Drew was big and lumbering like all kids who have grown too fast for their age, not fat but hulking and quick to agitate, usually because he wasn’t in on the joke. Kyle was the oldest of the group, a year older than Harry and Brian and two years older than the rest of us. He was a protestant, whatever that was. To me it meant he came from a good family who had a clear and respectable course laid out for him. His grades were excellent and he was mannered and restrained in a way that set him apart. While the rest of us unloaded hateful bales of nasty we had learned either at school or from older siblings, Kyle actually once shouted at one of our targets, “Don’t compromise, Midasize!” We were appalled and embarrassed and threatened him with permanent banishment from the ‘let’s get chased game’. He was however blessed with a gangly track and field body and a practical sense of self-preservation that assured he would never be caught.

But now Kyle and Drew were nowhere to be found and Harry, Brian, Chris and I were running like thoroughbreds in the homestretch, exchanging leads and jockeying for position.
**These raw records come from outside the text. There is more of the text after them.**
lemma rank_mult_le_left:
  assumes M: "M \<in> carrier_mat n c" and B: "B \<in> carrier_mat c d"
  shows "rank (M * B) \<le> rank M"
proof -
  have MB: "M * B \<in> carrier_mat n d"
    using M B by auto
  have "col_space (M * B) \<subseteq> col_space M"
  proof
    fix y assume "y \<in> col_space (M * B)"
    then obtain x where x: "x \<in> carrier_vec d" and y: "y = M *\<^sub>v (B *\<^sub>v x)"
      unfolding col_space_eq[OF MB] using MB B M by (auto simp: assoc_mult_mat_vec)
    then show "y \<in> col_space M"
      unfolding col_space_eq[OF M] using M B by auto
  qed
  moreover have sub: "VectorSpace.subspace class_ring (col_space A) V" if "A \<in> carrier_mat n e" for A e
    unfolding col_space_def using that by (metis cols_dim carrier_matD(1) span_is_subspace)
  moreover have "vectorspace.fin_dim class_ring (vs (col_space A))" if "A \<in> carrier_mat n e" for A e
    unfolding col_space_def using fin_dim_span_cols[OF that] .
  ultimately have "vectorspace.dim class_ring (vs (col_space (M * B))) \<le> vectorspace.dim class_ring (vs (col_space M))"
    using vectorspace.subspace_dim[OF subspace_is_vs[OF sub[OF M]] nested_subspaces[OF sub[OF M] sub[OF MB]]] M MB
    by simp
  then show ?thesis
    unfolding rank_def col_space_def .
qed

lemma rank_less_if_kernel_nontrivial:
  assumes M: "M \<in> carrier_mat n c"
    and v: "v \<in> carrier_vec c" "v \<noteq> 0\<^sub>v c" "M *\<^sub>v v = 0\<^sub>v n"
  shows "rank M < c"
proof (cases "distinct (cols M)")
  case True
  then have "lin_dep (set (cols M))"
    using lin_depI[OF M v] by blast
  with True M show ?thesis
    using rank_le_nc[OF M] full_rank_lin_indpt[OF M] by fastforce
next
  case False
  obtain S where S: "maximal S (\<lambda>T. T \<subseteq> set (cols M) \<and> lin_indpt T)"
    using maximal_exists[of "\<lambda>T. T \<subseteq> set (cols M) \<and> lin_indpt T" "card (set (cols M))" "{}"]
    by (meson List.finite_set card_mono empty_iff empty_subsetI finite_lin_indpt2 rev_finite_subset)
  then have "card S \<le> card (set (cols M))"
    by (simp add: card_mono maximal_def)
  moreover have "card (set (cols M)) < c"
    using False M card_distinct[of "cols M"] card_length[of "cols M"] by fastforce
  ultimately show ?thesis
    using rank_card_indpt[OF M S] by simp
qed

end

lemma invertible_mat_if_rank_of_product:
  fixes P :: "'a :: field mat"
  assumes P: "P \<in> carrier_mat r r" and L: "L \<in> carrier_mat k r" and R: "R \<in> carrier_mat r d"
    and rank: "vec_space.rank k (L * P * R) = r"
  shows "invertible_mat P"
proof (rule invertible_mat_if_det_nonzero[OF P], rule notI)
  assume "det P = 0"
  then obtain v where v: "v \<in> carrier_vec r" "v \<noteq> 0\<^sub>v r" "P *\<^sub>v v = 0\<^sub>v r"
    using det_0_iff_vec_prod_zero_field[OF P] by blast
  have LP: "L * P \<in> carrier_mat k r"
    using L P by auto
  have "(L * P) *\<^sub>v v = 0\<^sub>v k"
    using L P v by (auto simp: assoc_mult_mat_vec)
  then have "vec_space.rank k (L * P) < r"
    using vec_space.rank_less_if_kernel_nontrivial[OF LP v(1,2)] by simp
  with vec_space.rank_mult_le_left[OF LP R] rank show False
    by simp
qed

lemma invertible_gram_of_full_rank_factorization:
  assumes C: "C \<in> carrier_mat m r" and K: "K \<in> carrier_mat r n"
    and rank_right: "mrank (C * K * mink_adj (C * K)) = r"
    and rank_left: "mrank (mink_adj (C * K) * (C * K)) = r"
  shows "invertible_mat (mink_adj C * C)" and "invertible_mat (K * mink_adj K)"
proof -
  have dims: "dim_row C = m" "dim_col C = r" "dim_row K = r" "dim_col K = n"
    using C K by auto
  show "invertible_mat (mink_adj C * C)"
  proof (rule invertible_mat_if_rank_of_product)
    show "vec_space.rank n (mink_adj K * (mink_adj C * C) * K) = r"
      using rank_left unfolding mrank_def by (simp add: mink_adj_mult assoc_mult_mat_dims dims)
  qed (use C K in auto)
  show "invertible_mat (K * mink_adj K)"
  proof (rule invertible_mat_if_rank_of_product)
    show "vec_space.rank m (C * (K * mink_adj K) * mink_adj C) = r"
      using rank_right unfolding mrank_def by (simp add: mink_adj_mult assoc_mult_mat_dims dims)
  qed (use C K in auto)
qed

context vec_space
begin

lemma lin_indpt_cols_if_kernel_trivial:
  assumes C: "C \<in> carrier_mat n r"
    and ker: "\<And>v. v \<in> carrier_vec r \<Longrightarrow> C *\<^sub>v v = 0\<^sub>v n \<Longrightarrow> v = 0\<^sub>v r"
  shows "distinct (cols C)" and "lin_indpt (set (cols C))"
proof -
  show dist: "distinct (cols C)"
  proof (rule ccontr)
    assume "\<not> distinct (cols C)"
    then obtain i j where ij: "i \<noteq> j" "i < r" "j < r" "col C i = col C j"
      using C by (auto simp: distinct_conv_nth)
    define v :: "'a vec" where "v = unit_vec r i - unit_vec r j"
    have "C *\<^sub>v unit_vec r l = col C l" if "l < r" for l
      using C that by (intro eq_vecI) auto
    with C ij have "C *\<^sub>v v = 0\<^sub>v n"
      unfolding v_def by (simp add: mult_minus_distrib_mat_vec)
    then have "v = 0\<^sub>v r"
      by (rule ker[rotated]) (simp add: v_def)
    moreover have "v $ i = 1"
      unfolding v_def using ij by auto
    ultimately show False
      using ij by simp
  qed
  show "lin_indpt (set (cols C))"
    using lin_depE[OF C _ dist] ker by metis
qed

lemma cols_in_col_space_if_rank_eq:
  assumes A: "A \<in> carrier_mat n c" and C: "C \<in> carrier_mat n r"
    and cols: "set (cols C) \<subseteq> set (cols A)"
    and ker: "\<And>v. v \<in> carrier_vec r \<Longrightarrow> C *\<^sub>v v = 0\<^sub>v n \<Longrightarrow> v = 0\<^sub>v r"
    and rank: "rank A = r"
  shows "set (cols A) \<subseteq> col_space C"
proof
  fix w assume w: "w \<in> set (cols A)"
  note indpt = lin_indpt_cols_if_kernel_trivial[OF C ker]
  show "w \<in> col_space C"
  proof (rule ccontr)
    assume span: "w \<notin> col_space C"
    have C_carrier: "set (cols C) \<subseteq> carrier_vec n" and "w \<in> carrier_vec n"
      using w A C cols_dim by blast+
    moreover have w_new: "w \<notin> set (cols C)"
      using span in_own_span[OF C_carrier] unfolding col_space_def by blast
    ultimately have "lin_indpt (set (cols C) \<union> {w})"
      using lin_dep_iff_in_span[OF C_carrier indpt(2)] span unfolding col_space_def by simp
    moreover have "card (set (cols C)) = r"
      using C indpt(1) distinct_card by fastforce
    ultimately have "r + 1 \<le> rank A"
      using rank_ge_card_indpt[OF A, of "set (cols C) \<union> {w}"] w w_new cols by simp
    with rank show False
      by simp
  qed
qed

lemma exists_factor_if_cols_in_col_space:
  assumes A: "A \<in> carrier_mat n c" and C: "C \<in> carrier_mat n r"
    and cols: "set (cols A) \<subseteq> col_space C"
  shows "\<exists>K \<in> carrier_mat r c. A = C * K"
proof -
  have "\<exists>x \<in> carrier_vec r. C *\<^sub>v x = col A j" if "j < c" for j
  proof -
    have "col A j \<in> set (cols A)"
      using A that by (simp add: cols_def)
    with cols C show ?thesis
      unfolding col_space_eq[OF C] by auto
  qed
  then obtain x where x: "\<And>j. j < c \<Longrightarrow> x j \<in> carrier_vec r \<and> C *\<^sub>v x j = col A j"
    by metis
  define K where "K = mat r c (\<lambda>(i, j). x j $ i)"
  have K: "K \<in> carrier_mat r c"
    unfolding K_def by simp
  have col_K: "col K j = x j" if "j < c" for j
    unfolding K_def using x[OF that] that by (auto intro!: eq_vecI)
  have "A = C * K"
  proof (rule eq_matI)
    fix i j assume "i < dim_row (C * K)" "j < dim_col (C * K)"
    with C K have i: "i < n" and j: "j < c"
      by auto
    with C K have "(C * K) $$ (i, j) = (C *\<^sub>v col K j) $ i"
      by simp
    also have "\<dots> = A $$ (i, j)"
      using A i j x[OF j] col_K[OF j] by simp
    finally show "A $$ (i, j) = (C * K) $$ (i, j)" ..
  qed (use A C K in auto)
  with K show ?thesis
    by blast
qed

end

section \<open>Block matrices\<close>

lemma append_rows_kernel_trivial:
  fixes A1 A3 :: "complex mat"
  assumes "invertible_mat A1" and A1: "A1 \<in> carrier_mat r r" and A3: "A3 \<in> carrier_mat k r"
    and v: "v \<in> carrier_vec r" and zero: "(A1 @\<^sub>r A3) *\<^sub>v v = 0\<^sub>v (r + k)"
  shows "v = 0\<^sub>v r"
proof -
  have "(A1 *\<^sub>v v) @\<^sub>v (A3 *\<^sub>v v) = 0\<^sub>v r @\<^sub>v 0\<^sub>v k"
    using zero mat_mult_append[OF A1 A3 v] by auto
  then have "A1 *\<^sub>v v = 0\<^sub>v r"
    using A1 v append_vec_eq[of "A1 *\<^sub>v v" r "0\<^sub>v r"] by auto
  then have "mat_inv A1 *\<^sub>v (A1 *\<^sub>v v) = 0\<^sub>v r"
    using invertible_mat_inverse(1)[OF assms(1) A1] by auto
  then show ?thesis
    using invertible_mat_inverse[OF assms(1) A1] A1 v by (simp flip: assoc_mult_mat_vec)
qed

lemma cols_append_rows_subset:
  assumes A1: "A1 \<in> carrier_mat r r" and A2: "A2 \<in> carrier_mat r c"
    and A3: "A3 \<in> carrier_mat k r" and A4: "A4 \<in> carrier_mat k c"
  shows "set (cols (A1 @\<^sub>r A3)) \<subseteq> set (cols (four_block_mat A1 A2 A3 A4))"
proof -
  have "col (A1 @\<^sub>r A3) j = col (four_block_mat A1 A2 A3 A4) j" if j: "j < r" for j
  proof -
    have "col (A1 @\<^sub>r A3) j = col A1 j @\<^sub>v col A3 j"
      unfolding append_rows_def using A1 A3
      by (intro col_four_block_mat(1)[OF _ zero_carrier_mat _ zero_carrier_mat j]) auto
    also have "\<dots> = col (four_block_mat A1 A2 A3 A4) j"
      by (rule col_four_block_mat(1)[OF A1 A2 A3 A4 j, symmetric])
    finally show ?thesis .
  qed
  moreover have "dim_col (A1 @\<^sub>r A3) = r"
    using carrier_append_rows[OF A1 A3] by auto
  ultimately show ?thesis
    using A1 A4 unfolding cols_def by auto
qed

lemma row_block_eq_if_four_block_mat_eq:
  assumes A1: "A1 \<in> carrier_mat r r" and A2: "A2 \<in> carrier_mat r c"
    and A3: "A3 \<in> carrier_mat k r" and A4: "A4 \<in> carrier_mat k c"
    and K: "K \<in> carrier_mat r (r + c)"
    and eq: "four_block_mat A1 A2 A3 A4 = (A1 @\<^sub>r A3) * K"
  shows "row_block A1 A2 = A1 * K"
proof (rule eq_matI)
  fix i j assume "i < dim_row (A1 * K)" "j < dim_col (A1 * K)"
  with A1 K have i: "i < r" and j: "j < r + c"
    by auto
  have "row (A1 @\<^sub>r A3) i = row A1 i"
    using i A1 A3 by (intro eq_vecI) (auto simp: append_rows_def)
  moreover have "dim_row (A1 @\<^sub>r A3) = r + k" "dim_col (A1 @\<^sub>r A3) = r"
    using carrier_append_rows[OF A1 A3] by auto
  ultimately have "(A1 * K) $$ (i, j) = ((A1 @\<^sub>r A3) * K) $$ (i, j)"
    using i j A1 K by simp
  also have "\<dots> = row_block A1 A2 $$ (i, j)"
    using i j A1 A2 A3 A4 by (simp add: eq[symmetric] row_block_def)
  finally show "row_block A1 A2 $$ (i, j) = (A1 * K) $$ (i, j)" ..
qed (use A1 A2 K in \<open>simp_all add: row_block_def\<close>)

lemma leading_columns_factorization:
  fixes A1 A2 A3 A4 :: "complex mat"
  assumes blocks: "A1 \<in> carrier_mat r r" "A2 \<in> carrier_mat r c" "A3 \<in> carrier_mat k r" "A4 \<in> carrier_mat k c"
    and "invertible_mat A1" and rank: "mrank (four_block_mat A1 A2 A3 A4) = r"
  obtains K where "K \<in> carrier_mat r (r + c)"
    and "four_block_mat A1 A2 A3 A4 = (A1 @\<^sub>r A3) * K" and "row_block A1 A2 = A1 * K"
proof -
  let ?A = "four_block_mat A1 A2 A3 A4" and ?C = "A1 @\<^sub>r A3"
  have A: "?A \<in> carrier_mat (r + k) (r + c)" and C: "?C \<in> carrier_mat (r + k) r"
    using blocks by auto
  have "vec_space.rank (r + k) ?A = r"
    using rank blocks unfolding mrank_def by simp
  then have "set (cols ?A) \<subseteq> vec_space.col_space (r + k) ?C"
    using vec_space.cols_in_col_space_if_rank_eq[OF A C cols_append_rows_subset[OF blocks]]
      append_rows_kernel_trivial[OF assms(5) blocks(1,3)] by blast
  then obtain K where "K \<in> carrier_mat r (r + c)" and "?A = ?C * K"
    using vec_space.exists_factor_if_cols_in_col_space[OF A C] by blast
  with row_block_eq_if_four_block_mat_eq[OF blocks] show thesis
    by (blast intro: that)
qed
Our tennis shoes slapped and paddled the driveways and landscaping of the otherwise quiet street but all we could here was the blood and breath rushing through our heads and hearts and the ever increasing roar of that big, badass machine closing the gap between us and them. Just then we heard the jarring, sickening squawk of heavily applied brakes which told us without looking back that our pursuers felt close enough now to chase us on foot. Close enough to get their hands on us. It was decision time.
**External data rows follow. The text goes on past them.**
lemma visc_subsol_w: "visc_subsol H a w"
  unfolding visc_subsol_def
proof (intro ballI allI impI)
  fix s0 :: real and \<phi> :: "real \<Rightarrow> real"
  assume s0: "s0 \<in> {0<..<1}" and \<phi>: "C1_fun \<phi>"
    and "\<exists>e>0. \<forall>s\<in>{0<..<1}. \<bar>s - s0\<bar> < e \<longrightarrow> w s - \<phi> s \<le> w s0 - \<phi> s0"
  then obtain e where "e > 0" and touch: "\<forall>s\<in>{0<..<1}. \<bar>s - s0\<bar> < e \<longrightarrow> w s - \<phi> s \<le> w s0 - \<phi> s0"
    by blast
  define d where "d = min e (min s0 (1 - s0))"
  have "d > 0" "s0 \<in> {0..1}"
    using \<open>e > 0\<close> s0 by (auto simp: d_def)
  have near: "w y - w s0 \<le> \<phi> y - \<phi> s0" "0 \<le> y" "y \<le> 1" if "\<bar>y - s0\<bar> < d" for y
    using touch[rule_format, of y] that by (auto simp: d_def abs_less_iff)
  have "Wm y - Wm s0 \<le> \<phi> y - \<phi> s0" if "s0 < y" "y < s0 + d" for y
    using w_increment_between(1)[of s0 y] near[of y] that \<open>s0 \<in> {0..1}\<close> by auto
  then have "ext01 sm s0 \<le> deriv \<phi> s0"
    by (rule deriv_le_of_increment_le_right[OF has_real_derivative_Wm C1_fun_has_derivative[OF \<phi>] \<open>d > 0\<close>])
  moreover have "Wp y - Wp s0 \<le> \<phi> y - \<phi> s0" if "s0 - d < y" "y < s0" for y
    using w_increment_between(2)[of y s0] near[of y] that \<open>s0 \<in> {0..1}\<close> by auto
  then have "deriv \<phi> s0 \<le> ext01 sp s0"
    by (rule deriv_le_of_increment_le_left[OF has_real_derivative_Wp C1_fun_has_derivative[OF \<phi>] \<open>d > 0\<close>])
  ultimately show "H s0 (deriv \<phi> s0) \<le> a"
    using sublevel_interval(2)[OF \<open>s0 \<in> {0..1}\<close>] \<open>s0 \<in> {0..1}\<close> by simp
qed

lemma visc_supersol_w: "visc_supersol H a w"
  unfolding visc_supersol_def
proof (intro ballI allI impI)
  fix s0 :: real and \<phi> :: "real \<Rightarrow> real"
  assume s0: "s0 \<in> {0<..<1}" and \<phi>: "C1_fun \<phi>"
    and "\<exists>e>0. \<forall>s\<in>{0<..<1}. \<bar>s - s0\<bar> < e \<longrightarrow> w s - \<phi> s \<ge> w s0 - \<phi> s0"
  then obtain e where "e > 0" and touch: "\<forall>s\<in>{0<..<1}. \<bar>s - s0\<bar> < e \<longrightarrow> w s - \<phi> s \<ge> w s0 - \<phi> s0"
    by blast
  define d where "d = min e (min s0 (1 - s0))"
  have "d > 0" "s0 \<in> {0..1}"
    using \<open>e > 0\<close> s0 by (auto simp: d_def)
  have near: "w s0 - \<phi> s0 \<le> w y - \<phi> y" "y \<in> {0..1}" if "\<bar>s0 - y\<bar> < d" for y
    using touch[rule_format, of y] that by (auto simp: d_def abs_less_iff)
  text \<open>Where w coincides with one of its two branches, that branch minus \<phi> has a local minimum.\<close>
  have "deriv \<phi> s0 = sp s0 \<or> deriv \<phi> s0 = sm s0"
  proof (cases "Wp s0 \<le> Wm s0")
    case True
    have "\<forall>y. \<bar>s0 - y\<bar> < d \<longrightarrow> Wp s0 - \<phi> s0 \<le> Wp y - \<phi> y"
    proof (intro allI impI)
      fix y assume "\<bar>s0 - y\<bar> < d"
      then have "w s0 - \<phi> s0 \<le> w y - \<phi> y" "w y \<le> Wp y"
        using near w_eq_min by auto
      then show "Wp s0 - \<phi> s0 \<le> Wp y - \<phi> y"
        using w_eq_min[OF \<open>s0 \<in> {0..1}\<close>] True by auto
    qed
    then have "ext01 sp s0 - deriv \<phi> s0 = 0"
      using DERIV_local_min[OF DERIV_diff[OF has_real_derivative_Wp C1_fun_has_derivative[OF \<phi>]] \<open>d > 0\<close>]
      by blast
    then show ?thesis
      using \<open>s0 \<in> {0..1}\<close> by simp
  next
    case False
    have "\<forall>y. \<bar>s0 - y\<bar> < d \<longrightarrow> Wm s0 - \<phi> s0 \<le> Wm y - \<phi> y"
    proof (intro allI impI)
      fix y assume "\<bar>s0 - y\<bar> < d"
      then have "w s0 - \<phi> s0 \<le> w y - \<phi> y" "w y \<le> Wm y"
        using near w_eq_min by auto
      then show "Wm s0 - \<phi> s0 \<le> Wm y - \<phi> y"
        using w_eq_min[OF \<open>s0 \<in> {0..1}\<close>] False by auto
    qed
    then have "ext01 sm s0 - deriv \<phi> s0 = 0"
      using DERIV_local_min[OF DERIV_diff[OF has_real_derivative_Wm C1_fun_has_derivative[OF \<phi>]] \<open>d > 0\<close>]
      by blast
    then show ?thesis
      using \<open>s0 \<in> {0..1}\<close> by simp
  qed
  then show "a \<le> H s0 (deriv \<phi> s0)"
    using sublevel_interval(4,5)[OF \<open>s0 \<in> {0..1}\<close>] by auto
qed

lemma visc_subsol_le_w:
  assumes u: "continuous_on {0..1} u" "visc_subsol H a u" "u 0 = \<alpha>" "u 1 = \<beta>"
    and x: "x \<in> {0..1}"
  shows "u x \<le> w x"
proof -
  have "u x - u 0 \<le> Sp x - Sp 0"
    using x sublevel_interval(2)
    by (intro visc_subsol_slope_le[OF u(2,1) has_real_derivative_Sp continuous_on_ext01_sigma(1)]) auto
  moreover have "Sm 1 - Sm x \<le> u 1 - u x"
    using x sublevel_interval(2)
    by (intro visc_subsol_slope_ge[OF u(2,1) has_real_derivative_Sm continuous_on_ext01_sigma(2)]) auto
  ultimately show ?thesis
    using u(3,4) w_eq_min[OF x] by (simp add: Wp_def Wm_def)
qed

lemma visc_sol_ge_w:
  assumes u: "continuous_on {0..1} u" "visc_sol H a u" "u 0 = \<alpha>" "u 1 = \<beta>"
    and x: "x \<in> {0..1}"
  shows "w x \<le> u x"
proof (cases "a > aH H")
  case True
  show ?thesis
  proof (cases "x = 1")
    case True
    then show ?thesis
      using w_1 u(4) by simp
  next
    case False
    have "w x \<le> u x + \<epsilon>" if "\<epsilon> > 0" for \<epsilon>
    proof -
      obtain \<sigma> where \<sigma>: "continuous_on UNIV \<sigma>" "\<And>y. y \<in> {0<..<1} \<Longrightarrow> H y (\<sigma> y) < a"
        and bounds: "Sp x - \<epsilon> \<le> prim \<sigma> x" "prim \<sigma> 1 - prim \<sigma> x \<le> Sm 1 - Sm x + \<epsilon>"
        using interpolating_slope[OF True _ _ \<open>\<epsilon> > 0\<close>, of x] x False by auto
      have "min (u 0 - prim \<sigma> 0) (u 1 - prim \<sigma> 1) \<le> u x - prim \<sigma> x"
        using u(1) \<sigma> x u(2) unfolding visc_sol_def by (intro visc_supersol_min_at_boundary) auto
      then show ?thesis
        using bounds u(3,4) w_eq_min[OF x] by (auto simp: Wp_def Wm_def)
    qed
    then show ?thesis
      by (rule field_le_epsilon)
  qed
next
  case False
  then have "a = aH H"
    using a_ge by simp
  then have "ext01 sm = ext01 sp"
    using sigma_degenerate by (auto simp: ext01_def fun_eq_iff)
  then have "Sm = Sp"
    by (simp add: Sm_def Sp_def)
  moreover have "Sm x - Sm 0 \<le> u x - u 0"
    using x sublevel_interval(2) u(1,2) unfolding visc_sol_def
    by (intro visc_subsol_slope_ge[OF _ _ has_real_derivative_Sm continuous_on_ext01_sigma(2)]) auto
  ultimately show ?thesis
    using u(3) w_eq_min[OF x] by (simp add: Wp_def)
qed

end

theorem proposition5p2:
  fixes H :: "real \<Rightarrow> real \<Rightarrow> real" and a \<alpha> \<beta> :: real
  assumes cont: "continuous_on ({0..1} \<times> UNIV) (\<lambda>(s, p). H s p)"
    and coercive: "\<forall>M. \<exists>R. \<forall>s\<in>{0..1}. \<forall>p. \<bar>p\<bar> > R \<longrightarrow> H s p > M"
    and quasiconvex: "\<forall>s\<in>{0..1}. \<forall>b. convex {p. H s p \<le> b}"
    and interior_cond: "\<forall>s\<in>{0..1}. \<forall>b. interior {p. H s p \<le> b} = {p. H s p < b}"
    and a_ge: "a \<ge> aH H"
    and a_eq: "a = aH H \<Longrightarrow> (\<exists>c. \<forall>s\<in>{0..1}. minH H s = c)"
    and lower: "integral {0..1} (sigma_minus H a) \<le> \<beta> - \<alpha>"
    and upper: "\<beta> - \<alpha> \<le> integral {0..1} (sigma_plus H a)"
  shows "let w = (\<lambda>s. min (\<alpha> + integral {0..s} (sigma_plus H a))
                          (\<beta> - integral {s..1} (sigma_minus H a)))
         in continuous_on {0..1} w \<and> visc_sol H a w \<and> w 0 = \<alpha> \<and> w 1 = \<beta> \<and>
            (\<forall>u. continuous_on {0..1} u \<and> visc_sol H a u \<and> u 0 = \<alpha> \<and> u 1 = \<beta>
                 \<longrightarrow> (\<forall>s\<in>{0..1}. u s = w s))"
proof -
  interpret dirichlet_data H a \<alpha> \<beta>
    by unfold_locales (fact assms)+
  have "u s = w s"
    if "continuous_on {0..1} u" "visc_sol H a u" "u 0 = \<alpha>" "u 1 = \<beta>" "s \<in> {0..1}" for u s
    using visc_subsol_le_w[of u s] visc_sol_ge_w[of u s] that unfolding visc_sol_def by force
  then show ?thesis
    unfolding Let_def w_def[symmetric] visc_sol_def
    using continuous_on_w visc_subsol_w visc_supersol_w w_0 w_1 by blast
qed

end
We were now halfway down Phelps when Harry, back in the lead, made a quick right turn between two houses. With that herd mentality that makes a hundred antelope move in one synchronized, smooth syndetic motion each of us followed suit. The older boys were so close now you could hear their breathing and sense their bloodlust but there were no war cries or curses. Every teenage body of both the huntsman and prey were reserving every atom of oxygen to the task of running. The only sound now was the ring and rattle of the chain-link fence as the first of us hurdled it, one foot on and over in a single bound. I was second to last now and just before making my leap I thought I felt the wisp of a hand clutch my tee shirt. Glancing over my shoulder in a split-second I saw the terrified face of one of our crew, clear and white with fright, mooning upward and backward until parallel with the ground, facing the starry sky. As I leapt the fence we all heard what sounded like a half-choked woof accompanied by a sickening thud like that of a sack of potatoes being dropped off the back of a delivery truck. We were already over the second fence and pushing through the lightly wooded ridgeline that separated the backyards from the delivery lot of the local IGA when a desperate, woeful cry pierced the night as well as our consciences, “Don’t leave me!”

And that’s how we knew we had lost Chris.